Requires Python ≥ 3.11.


🚀 Quick Start

from azure_openai_blaster import AzureLLMBlaster
import concurrent.futures

config = {
  "strategy": "weighted",  # currently only 'weighted' implemented
  "deployments": [
    {
      "name": "gpt-4o",
      "endpoint": "https://my-aoai-resource.openai.azure.com/",
      "api_key": "YOUR_KEY",          # or "default" / "az" / "interactive"
      "model": "gpt-4o",
      "weight": 2,
      "temperature": 0.2,
      "max_completion_tokens": 512
    },
    {
      "name": "gpt-4o-backup",
      "endpoint": "https://my-aoai-resource-2.openai.azure.com/",
      "api_key": "default",
      "model": "gpt-4o-mini",
      "weight": 1
    }
  ],
  # Optional runtime overrides:
  # "num_workers": 16,
  # "max_job_retry": 5,
  # "worker_polling_interval": 0.5
}

blaster = AzureLLMBlaster.from_config(config, num_workers=12)

messages = [
  {"role": "system", "content": "You are concise."},
  {"role": "user", "content": "Summarize why backoff matters."},
]

# Blocking call (single request)
text = blaster.chat_completion(messages, temperature=0.1)
print(text)

# Or use the built-in future API (submit + later wait)
future = blaster.submit_chat_completion(messages)
result = future.result(timeout=30)

# Blocking calls executed concurrently via ThreadPoolExecutor
prompts = [
  "Summarize why backoff matters.",
  "Explain weighted round robin scheduling.",
  "List reasons endpoints get temporarily disabled.",
]

with concurrent.futures.ThreadPoolExecutor(max_workers=4) as executor:  # choose desired concurrency
  futures = [
    executor.submit(
      blaster.chat_completion,
      [
        {"role": "system", "content": "You are concise."},
        {"role": "user", "content": prompt},
      ],
      temperature=0.1,
    )
    for prompt in prompts
  ]
  for f in concurrent.futures.as_completed(futures):
    print(f.result())


blaster.close()

🧩 Config Schema

Each entry in deployments maps to AzureDeploymentConfig:

Field Required Description
name yes Identifier for logs/metrics
endpoint yes Base Azure OpenAI endpoint URL
api_key yes Key string or "default", "az", "interactive" for credential auth
model yes Deployed model name
api_version no (default: 2025-01-01-preview) API version
weight no (default: 1) Weighted share in round-robin
temperature no (default: 1.0) Per-endpoint temperature
max_completion_tokens no Cap on generation size
rpm_limit future Reserved; not enforced yet
tpm_limit future Reserved; not enforced yet

Top-level optional fields (fallback to constructor defaults): num_workers, max_job_retry, worker_polling_interval.

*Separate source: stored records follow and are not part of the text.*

theorem lemma2p4:
  fixes a b c d :: real
    and x :: "nat \<Rightarrow> real"
    and A :: "nat \<Rightarrow> real set"
  assumes "a < b" and "c < d"
    and "\<And>n. x n \<in> {a<..<b}"
    and "inj x"
    and "\<And>n. A n \<subseteq> {c..d}"
    and "\<And>n. {c..d} \<subseteq> closure (A n)"
  shows "\<exists>f. bij_betw f {a..b} {c..d} \<and> strict_mono_on {a..b} f \<and> (\<forall>n. f (x n) \<in> A n)"
proof -
  obtain G H where hom: "\<And>n. homeomorphism {a..b} {c..d} (G n) (H n)"
    and mono: "\<And>n. mono_on {a..b} (G n)"
    and G_step: "\<And>n t. t \<in> {a..b} \<Longrightarrow> \<bar>G (Suc n) t - G n t\<bar> \<le> (1/2) ^ n"
    and H_step: "\<And>n s. s \<in> {c..d} \<Longrightarrow> \<bar>H (Suc n) s - H n s\<bar> \<le> (1/2) ^ n"
    and unchanged: "\<And>n k. k < n \<Longrightarrow> G (Suc n) (x k) = G n (x k)"
    and in_A: "\<And>n. G (Suc n) (x n) \<in> A n"
    using approximating_increasing_homeomorphisms[of a b c d x A] assms by blast
  obtain g h where hom_g: "homeomorphism {a..b} {c..d} g h" and "mono_on {a..b} g"
    and lim: "\<And>t. t \<in> {a..b} \<Longrightarrow> (\<lambda>n. G n t) \<longlonglongrightarrow> g t"
    using limit_of_increasing_homeomorphisms[OF hom mono _ _ G_step H_step summable_geometric]
    by auto
  have "bij_betw g {a..b} {c..d}"
    using hom_g by (auto simp: homeomorphism_def intro!: bij_betw_byWitness[where f' = h])
  moreover have "strict_mono_on {a..b} g"
    using hom_g \<open>mono_on {a..b} g\<close> by (rule mono_homeomorphism_strict_mono_on)
  moreover have "g (x k) \<in> A k" for k
  proof -
    have "g (x k) = G (Suc k) (x k)"
      by (rule limit_of_eventually_unchanged[of "Suc k" "\<lambda>n. G n (x k)"])
        (use unchanged lim[of "x k"] assms(3)[of k] in auto)
    with in_A show ?thesis
      by simp
  qed
  ultimately show ?thesis
    by blast
qed

end
(* Let $n=1$, $\mathcal{D}=(0,1)$, let $\ell_0\ge2$ and $L>\ell_0$ be integers, and let $\eta,\beta\in H^1_{\rm per}(\mathcal{D})$ (real-valued) and $\rho\in L^2(\mathcal{D})$ (real-valued). Consider the sesquilinear form $a(u,v)=\int_0^1\big(\eta u'\overline{v'}+\beta u'\overline{v}+\rho u\overline v\big)\,dx$ and the local $a$-coherence $\mu_q=\sup_{j\in\mathcal{J}}|a(\widehat\psi_j,\widehat\xi_q)|^2$, $q\in\mathbb{Z}$, of the normalized wavelet basis $\widehat\Psi$ with respect to the normalized Fourier basis (see context). Then $$\mu_0\lesssim 2^{-2\ell_0}\big(|\beta|_{H^1(\mathcal{D})}^2+\|\rho\|_{L^2(\mathcal{D})}^2\big),$$ $$\mu_q\lesssim\Big(\|\eta\|_{H^1(\mathcal{D})}^2+\frac{\|\beta\|_{H^1(\mathcal{D})}^2}{q^2}+\|\rho\|_{L^2(\mathcal{D})}^2\Big)\min\Big\{\frac{2^L}{q^2},\frac1{|q|}\Big\},\qquad\forall q\in\mathbb{Z}\setminus\{0\},$$ where $\lesssim$ hides a constant independent of $q$, $L$ and of $\eta,\beta,\rho$.
   Context: Functions are complex-valued, $(u,v)=\int_0^1u\bar v$, $\|u\|_{H^1}^2=\|u\|_{L^2}^2+\|u'\|_{L^2}^2$, $|u|_{H^1}=\|u'\|_{L^2}$, and $H^1_{\rm per}(\mathcal{D})$ is the closure in the $H^1$-norm of restrictions to $(0,1)$ of smooth 1-periodic functions. Wavelets: $\varphi(x)=\max\{0,1-|x|\}$ (hat function), $\psi(x)=\sum_{j=-1}^3b_j\varphi(2x-j)$ with $(b_{-1},\dots,b_3)=(\tfrac14,\tfrac12,-\tfrac32,\tfrac12,\tfrac14)$ (biorthogonal B-spline wavelets of order $(2,2)$); $\varphi_{\ell,k}(x)=2^{\ell/2}\varphi(2^\ell x-k)$, $\psi_{\ell,k}(x)=2^{\ell/2}\psi(2^\ell x-k)$, replaced by their 1-periodizations $f^{\rm per}(x)=\sum_{j\in\mathbb{Z}}f(x+j)$ on $(0,1)$. With the convention $\psi_{\ell_0-1,k}:=\varphi_{\ell_0,k}$, the trial basis is $\{\psi_{\ell,k}\}_{(\ell,k)\in\mathcal J}$ with $\mathcal{J}$ consisting of $(\ell_0-1,k)$, $k\in\{0,\dots,2^{\ell_0}-1\}$ (scaling functions) and $(\ell,k)$, $\ell_0\le\ell<L$, $k\in\{0,\dots,2^\ell-1\}$ (wavelets). Normalization: $\widehat\psi_{\ell,k}=2^{-\ell}\psi_{\ell,k}$, and $\widehat\xi_q=(1+(2\pi q)^2)^{-1/2}\xi_q$ with $\xi_q(x)=e^{2\pi iqx}$. *)

theory Defs
  imports "HOL-Analysis.Analysis"
begin
theorem lemma3p2:
  fixes \<beta> :: nat and x0 y0 a b :: real
    and f :: "real \<times> real \<Rightarrow> real" and y :: "real \<Rightarrow> real"
  assumes "a > 0" and "b > 0"
    and "continuous_on ({x0-a..x0+a} \<times> {y0-b..y0+b}) f"
    and "partials_exist {x0-a..x0+a} {y0-b..y0+b} \<beta> f"
    and "\<forall>p1 p2. p1 + p2 \<le> \<beta> \<longrightarrow> (\<forall>z \<in> {x0-a..x0+a} \<times> {y0-b..y0+b}.
           \<bar>pD {x0-a..x0+a} {y0-b..y0+b} (p1, p2) f z\<bar> \<le> 1)"
    and "\<forall>p1 p2. p1 + p2 = \<beta> \<longrightarrow>
           (\<forall>x\<in>{x0-a..x0+a}. \<forall>u\<in>{y0-b..y0+b}. \<forall>x'\<in>{x0-a..x0+a}. \<forall>u'\<in>{y0-b..y0+b}.
             \<bar>pD {x0-a..x0+a} {y0-b..y0+b} (p1, p2) f (x, u)
               - pD {x0-a..x0+a} {y0-b..y0+b} (p1, p2) f (x', u')\<bar>
             \<le> max \<bar>x - x'\<bar> \<bar>u - u'\<bar>)"
    and "y x0 = y0"
    and "\<forall>x\<in>{x0-a..x0+a}. (y has_real_derivative f (x, y x)) (at x within {x0-a..x0+a})"
    and "\<forall>x\<in>{x0-a..x0+a}. (x, y x) \<in> {x0-a..x0+a} \<times> {y0-b..y0+b}"
  shows "(\<forall>k. 1 \<le> k \<and> k \<le> \<beta> + 1 \<longrightarrow>
            (\<forall>x\<in>{x0 - min a b..x0 + min a b}.
               (hderiv {x0-a..x0+a} (k - 1) y has_real_derivative hderiv {x0-a..x0+a} k y x)
                 (at x within {x0-a..x0+a})
               \<and> \<bar>hderiv {x0-a..x0+a} k y x\<bar> \<le> 2 ^ (k - 1) * fact (k - 1))) \<and>
         (\<forall>x\<in>{x0 - min a b..x0 + min a b}. \<forall>x'\<in>{x0 - min a b..x0 + min a b}.
            \<bar>hderiv {x0-a..x0+a} (\<beta> + 1) y x - hderiv {x0-a..x0+a} (\<beta> + 1) y x'\<bar>
              \<le> 2 ^ (\<beta> + 1) * fact (\<beta> + 1) * \<bar>x - x'\<bar>)"
proof -
  interpret ode_solution_on_rectangle "x0 - a" "x0 + a" "y0 - b" "y0 + b" \<beta> f y
    using assms by unfold_locales auto
  have sub: "{x0 - min a b..x0 + min a b} \<subseteq> I" by auto
  show ?thesis
  proof (intro conjI allI impI ballI)
    fix k x assume k: "1 \<le> k \<and> k \<le> \<beta> + 1" and "x \<in> {x0 - min a b..x0 + min a b}"
    then have "x \<in> I" using sub by blast
    obtain k' where "k = Suc k'" "k' \<le> \<beta>" using k by (cases k) auto
    then show "(hderiv I (k - 1) y has_real_derivative hderiv I k y x) (at x within I)"
        and "\<bar>hderiv I k y x\<bar> \<le> 2 ^ (k - 1) * fact (k - 1)"
      using has_derivative_hderiv_solution hderiv_Suc_solution abs_hderiv_solution_le \<open>x \<in> I\<close>
      by simp_all
  next
    fix x x' assume "x \<in> {x0 - min a b..x0 + min a b}" "x' \<in> {x0 - min a b..x0 + min a b}"
    then have "x \<in> I" "x' \<in> I" using sub by blast+
    then show "\<bar>hderiv I (\<beta> + 1) y x - hderiv I (\<beta> + 1) y x'\<bar> \<le> 2 ^ (\<beta> + 1) * fact (\<beta> + 1) * \<bar>x - x'\<bar>"
      using hderiv_solution_Lipschitz by simp
  qed
qed

end
lemma num_tilings_split_at:
  assumes fin: "finite R" and c: "c \<in> R"
  shows "num_tilings R = (\<Sum>t\<in>{t\<in>tiles. c \<in> t \<and> t \<subseteq> R}. num_tilings (R - t))"
proof -
  let ?C = "{t\<in>tiles. c \<in> t \<and> t \<subseteq> R}"
  let ?P = "SIGMA t:?C. {T. is_tiling (R - t) T}"
  have image: "(\<lambda>(t, T). insert t T) ` ?P = {T. is_tiling R T}"
  proof (intro equalityI subsetI)
    fix T assume "T \<in> {T. is_tiling R T}"
    hence T: "is_tiling R T" by simp
    then obtain t where t: "t \<in> T" "c \<in> t" using c by (blast dest: is_tilingD(3))
    have "t \<in> ?C" using T t by (blast dest: is_tilingD(1,2))
    moreover have "is_tiling (R - t) (T - {t})" using T t(1) by (rule is_tiling_Diff)
    moreover have "T = insert t (T - {t})" using t(1) by blast
    ultimately show "T \<in> (\<lambda>(t, T). insert t T) ` ?P"
      by (intro image_eqI[where x = "(t, T - {t})"]) simp_all
  next
    fix T assume "T \<in> (\<lambda>(t, T). insert t T) ` ?P"
    then obtain t T' where "t \<in> ?C" "is_tiling (R - t) T'" "T = insert t T'" by blast
    then show "T \<in> {T. is_tiling R T}" by (simp add: is_tiling_insert)
  qed
  have inj: "inj_on (\<lambda>(t, T). insert t T) ?P"
  proof (rule inj_onI, clarsimp)
    fix t T t' T'
    assume "c \<in> t" "is_tiling (R - t) T" "c \<in> t'" "is_tiling (R - t') T'"
      and eq: "insert t T = insert t' T'"
    \<comment> \<open>no tiling of R - t' contains a tile through c\<close>
    then have "t \<notin> T'" "t' \<notin> T" "t \<notin> T" "t' \<notin> T'" by (blast dest: is_tilingD(2))+
    with eq show "t = t' \<and> T = T'" by (metis insert_ident insertI1 insertE)
  qed
  have "finite ?C"
    by (rule finite_subset[of _ "Pow R"]) (use fin in auto)
  then have "card ?P = (\<Sum>t\<in>?C. num_tilings (R - t))"
    unfolding num_tilings_def using fin by (simp add: finite_tilings)
  then show ?thesis
    unfolding num_tilings_def image[symmetric] card_image[OF inj] .
qed

definition tiles_containing :: "cell \<Rightarrow> cell set set" where
  "tiles_containing c = (case c of
      Up a b \<Rightarrow> {{Up a b}, large_up a b, large_up (a-1) b, large_up a (b-1), large_down (a-1) (b-1)}
    | Down a b \<Rightarrow> {{Down a b}, large_up a b, large_down (a-1) b, large_down a (b-1), large_down (a-1) (b-1)})"

lemma singleton_in_tiles [simp]: "{c} \<in> tiles"
  and large_up_in_tiles [simp]: "large_up a b \<in> tiles"
  and large_down_in_tiles [simp]: "large_down a b \<in> tiles"
  unfolding tiles_def by blast+

lemma tiles_containing_eq: "{t\<in>tiles. c \<in> t} = tiles_containing c"
proof (intro equalityI subsetI)
  fix t assume "t \<in> {t\<in>tiles. c \<in> t}"
  then consider "t = {c}"
    | a b where "t = large_up a b" "c \<in> t" | a b where "t = large_down a b" "c \<in> t"
    unfolding tiles_def by blast
  then show "t \<in> tiles_containing c"
  proof cases
    case 1
    then show ?thesis by (cases c) (simp_all add: tiles_containing_def)
  qed (auto simp: tiles_containing_def large_up_def large_down_def)
next
  fix t assume "t \<in> tiles_containing c"
  then have "t \<in> tiles" by (cases c) (auto simp: tiles_containing_def)
  moreover have "c \<in> t" using \<open>t \<in> tiles_containing c\<close>
    by (cases c) (auto simp: tiles_containing_def large_up_def large_down_def)
  ultimately show "t \<in> {t\<in>tiles. c \<in> t}" by simp
qed

lemma num_tilings_split_at_cell:
  assumes "finite R" "c \<in> R"
  shows "num_tilings R = (\<Sum>t\<in>{t\<in>tiles_containing c. t \<subseteq> R}. num_tilings (R - t))"
proof -
  have "{t\<in>tiles. c \<in> t \<and> t \<subseteq> R} = {t\<in>tiles_containing c. t \<subseteq> R}"
    using tiles_containing_eq[of c] by blast
  thus ?thesis using num_tilings_split_at[OF assms] by simp
qed

lemma num_tilings_forced:
  assumes "finite R" "{t\<in>tiles_containing c. t \<subseteq> R} = {{c}}"
  shows "num_tilings R = num_tilings (R - {c})"
  using num_tilings_split_at_cell[of R c] assms by auto

lemma num_tilings_two_choices:
  assumes "finite R" "{t\<in>tiles_containing c. t \<subseteq> R} = {{c}, t}" "{c} \<noteq> t"
  shows "num_tilings R = num_tilings (R - {c}) + num_tilings (R - t)"
  using num_tilings_split_at_cell[of R c] assms by auto

lemma singleton_neq_large_up [simp]: "{c} \<noteq> large_up a b"
  by (auto simp: large_up_def)

lemma singleton_neq_large_down [simp]: "{c} \<noteq> large_down a b"
  by (auto simp: large_down_def)

lemma Collect_mem_insert_conj:
  "{t \<in> insert x X. P t} = (if P x then insert x {t \<in> X. P t} else {t \<in> X. P t})"
  by auto

(* stair r0 r1: the cells of the strip 0 <= y <= 2s right of the line through (0,0) and (1,2s)
   whose leftmost vertex has x-coordinate below r0/2 (bottom row) resp. r1/2 (top row);
   that x-coordinate is a + b/2 for Up a b and a + b/2 + 1/2 for Down a b. *)

definition stair :: "int \<Rightarrow> int \<Rightarrow> cell set" where
  "stair r0 r1 = {c. case c of
       Up a b \<Rightarrow> 0 \<le> a \<and> (b = 0 \<and> 2*a < r0 \<or> b = 1 \<and> 2*a+1 < r1)
     | Down a b \<Rightarrow> 0 \<le> a \<and> (b = 0 \<and> 2*a+1 < r0 \<or> b = 1 \<and> 2*a+2 < r1)}"

lemma Up_in_stair [simp]:
  "Up a b \<in> stair r0 r1 \<longleftrightarrow> 0 \<le> a \<and> (b = 0 \<and> 2*a < r0 \<or> b = 1 \<and> 2*a+1 < r1)"
  and Down_in_stair [simp]:
  "Down a b \<in> stair r0 r1 \<longleftrightarrow> 0 \<le> a \<and> (b = 0 \<and> 2*a+1 < r0 \<or> b = 1 \<and> 2*a+2 < r1)"
  by (simp_all add: stair_def)

lemma finite_stair [simp]: "finite (stair r0 r1)"
proof -
  let ?I = "{0..\<bar>r0\<bar>+\<bar>r1\<bar>} \<times> {0..1::int}"
  have "stair r0 r1 \<subseteq> case_prod Up ` ?I \<union> case_prod Down ` ?I"
  proof
    fix c assume "c \<in> stair r0 r1"
    then show "c \<in> case_prod Up ` ?I \<union> case_prod Down ` ?I"
      by (cases c) force+
  qed
  thus ?thesis by (rule finite_subset) auto
qed
(* Write the Lagrange basis of the nodes as \<lambda>_j(y) = A_j \<bullet> y + c_j. Since \<lambda>_j drops from 1 to 0
   between two points of the unit ball, |A_j| \<ge> 1/2. Choosing signs s_j greedily gives
   |\<Sum> s_j A_j|^2 \<ge> \<Sum> |A_j|^2 \<ge> (n+1)/4. The affine function with values s_j at the nodes is the
   interpolant of its own clipping to [-1,1], a continuous function of sup norm at most 1, and it
   attains the value |\<Sum> s_j A_j| at one of the two unit vectors parallel to \<Sum> s_j A_j. Hence every
   interpolation projector has norm at least sqrt(n+1)/2, which exceeds c sqrt n because c < 1/2.
   For the upper bound, place the nodes at the vertices of a regular simplex inscribed in the unit
   sphere: then \<Sum>_j \<lambda>_j(y)^2 \<le> 1 on the ball, so the Lebesgue function \<Sum>_j |\<lambda>_j| is at most
   sqrt(n+1). *)

theory Submission
  imports Defs
begin
lemma occ_of_full_rows:
  assumes F: "full_rows lam n K" and R: "R \<in> fitting_perms lam n"
    and ijl: "i < j" "j < l" "l < n" and rows: "R ! i \<le> K" "R ! j \<le> K" "R ! l \<le> K"
    and ord: "ord (R ! j) (R ! l)"
  shows "occ ord lam R"
proof -
  have "R ! k \<in> {1..K}" if "k \<in> {i, j, l}" for k
  proof -
    have "R ! k \<in> set R"
      using that ijl R unfolding fitting_perms_def by auto
    then show ?thesis
      using that rows R unfolding fitting_perms_def by auto
  qed
  then have "l < lam (R ! k)" if "k \<in> {i, j, l}" for k
    using that F ijl(3) unfolding full_rows_def by fastforce
  then show ?thesis
    unfolding occ_def using ijl ord R unfolding fitting_perms_def by auto
qed

text \<open>
  If the first entry in a full row exceeds j, the first entry at most j must be v: any other
  value y would form an occurrence together with the first full-row entry and the later v.
\<close>

lemma first_le_avoider:
  assumes R: "R \<in> avoiders ord lam n" and F: "full_rows lam n K" and j: "j \<le> K"
    and v: "v \<in> {1..j}" and ord_v: "\<forall>y\<in>{1..j}. y \<noteq> v \<longrightarrow> ord y v"
  shows "first_le j R = (if first_le K R \<le> j then first_le K R else v)"
proof -
  have Rp: "R \<in> fitting_perms lam n" "\<not> occ ord lam R"
    using R unfolding avoiders_def by auto
  then have len: "length R = n" and "set R = {1..n}"
    unfolding fitting_perms_def by auto
  then have "v \<in> set R"
    using v j F unfolding full_rows_def by auto
  have "v \<le> j" "v \<le> K"
    using v j by auto
  obtain i0 where i0: "i0 < length R" "R ! i0 \<le> K" "\<forall>q<i0. K < R ! q" "first_le K R = R ! i0"
    using \<open>v \<in> set R\<close> \<open>v \<le> K\<close> by (rule first_leE)
  obtain p where p: "p < length R" "R ! p \<le> j" "\<forall>q<p. j < R ! q" "first_le j R = R ! p"
    using \<open>v \<in> set R\<close> \<open>v \<le> j\<close> by (rule first_leE)
  show ?thesis
  proof (cases "first_le K R \<le> j")
    case True
    then have "first_le j R = R ! i0"
      using i0 j by (intro first_le_eqI) auto
    then show ?thesis
      using True i0(4) by simp
  next
    case False
    have "i0 < p"
      using i0(3,4) p(2,3) False j by (metis le_trans linorder_neqE_nat not_le)
    have "R ! p = v"
    proof (rule ccontr)
      assume "R ! p \<noteq> v"
      obtain q where q: "q < length R" "R ! q = v"
        using \<open>v \<in> set R\<close> by (metis in_set_conv_nth)
      have "p < q"
        using p(2,3) q v \<open>R ! p \<noteq> v\<close> by (metis atLeastAtMost_iff linorder_neqE_nat not_le)
      moreover have "R ! p \<in> {1..j}"
        using p(1,2) \<open>set R = {1..n}\<close> by (metis atLeastAtMost_iff nth_mem)
      ultimately have "occ ord lam R"
        using occ_of_full_rows[OF F Rp(1) \<open>i0 < p\<close>, of q] ord_v \<open>R ! p \<noteq> v\<close> q i0(2) p(2) v j len
        by auto
      then show False
        using Rp(2) by simp
    qed
    then show ?thesis
      using False p(4) by simp
  qed
qed

lemma card_Collect_mem_eq_sum:
  assumes "finite A" "finite X"
  shows "card {a \<in> A. g a \<in> X} = (\<Sum>x\<in>X. card {a \<in> A. g a = x})"
proof -
  have "{a \<in> A. g a \<in> X} = (\<Union>x\<in>X. {a \<in> A. g a = x})"
    by auto
  also have "card \<dots> = (\<Sum>x\<in>X. card {a \<in> A. g a = x})"
    using assms by (intro card_UN_disjoint) auto
  finally show ?thesis .
qed

lemma first_count_restrict:
  assumes F: "full_rows lam n K" and j: "j \<le> K" and v: "v \<in> {1..j}"
    and ord_v: "\<forall>y\<in>{1..j}. y \<noteq> v \<longrightarrow> ord y v" and z: "z \<in> {1..j}"
  shows "first_count ord lam n j z = (if z = v then (\<Sum>x\<in>insert v {j<..K}. first_count ord lam n K x)
           else first_count ord lam n K z)"
proof -
  let ?A = "avoiders ord lam n"
  have "K \<le> n"
    using F unfolding full_rows_def by simp
  have first: "first_le j R = (if first_le K R \<le> j then first_le K R else v)"
    and first_mem: "first_le K R \<in> {1..K}" if "R \<in> ?A" for R
    using first_le_avoider[OF that F j v ord_v] first_le_mem[of R lam n K] that v j \<open>K \<le> n\<close>
    unfolding avoiders_def by auto
  show ?thesis
  proof (cases "z = v")
    case True
    have "{R \<in> ?A. first_le j R = z} = {R \<in> ?A. first_le K R \<in> insert v {j<..K}}"
      using first first_mem True v by fastforce
    then have "first_count ord lam n j z = card {R \<in> ?A. first_le K R \<in> insert v {j<..K}}"
      unfolding first_count_def by (simp only:)
    also have "\<dots> = (\<Sum>x\<in>insert v {j<..K}. first_count ord lam n K x)"
      unfolding first_count_def by (rule card_Collect_mem_eq_sum) (simp_all add: finite_avoiders)
    finally show ?thesis
      using True by simp
  next
    case False
    have "{R \<in> ?A. first_le j R = z} = {R \<in> ?A. first_le K R = z}"
      using first False z by fastforce
    then show ?thesis
      unfolding first_count_def using False by simp
  qed
qed

section \<open>The induction on the number of columns\<close>

text \<open>The invariant of the induction; it forces both totals to be \<beta> + (K - 1) \<alpha>.\<close>

definition profile :: "(nat \<Rightarrow> nat) \<Rightarrow> nat \<Rightarrow> nat \<Rightarrow> nat \<Rightarrow> nat \<Rightarrow> bool" where
  "profile lam n K \<alpha> \<beta> \<longleftrightarrow> (\<forall>x\<in>{1..K}.
     first_count (>) lam n K x = (if x = 1 then \<beta> else \<alpha>) \<and>
     first_count (<) lam n K x = (if x = K then \<beta> else \<alpha>))"

lemma sum_if_eq:
  assumes "finite X" "c \<in> X"
  shows "(\<Sum>x\<in>X. if x = c then \<beta> else \<alpha>) = \<beta> + (card X - 1) * (\<alpha>::nat)"
proof -
  have "(\<Sum>x\<in>X. if x = c then \<beta> else \<alpha>) = \<beta> + (\<Sum>x\<in>X - {c}. if x = c then \<beta> else \<alpha>)"
    using assms by (simp add: sum.remove)
  also have "(\<Sum>x\<in>X - {c}. if x = c then \<beta> else \<alpha>) = (card X - 1) * \<alpha>"
    using assms by (simp add: card_Diff_singleton)
  finally show ?thesis .
qed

strategy is reserved; currently only weighted round-robin scheduler is active.


🔄 Scheduling & Resilience

  • Weighted Round Robin: Endpoint appears in internal ring weight times; random initial shuffle.
  • Cooldown Handling: On RateLimitError, parses Retry-After header or message (fallback 15s); endpoint excluded until timestamp passes.
  • Transient Failures: APITimeoutError triggers exponential backoff: base * 2^(failure_streak-1).
  • Auto-Disable: After N consecutive transient failures (auto_disable_threshold=5), endpoint disabled with reason.
  • Retry Logic: Jobs retried up to max_job_retry if marked retryable; otherwise exception surfaces via the future/result.

📡 Streaming

text = blaster.chat_completion(messages, stream=True)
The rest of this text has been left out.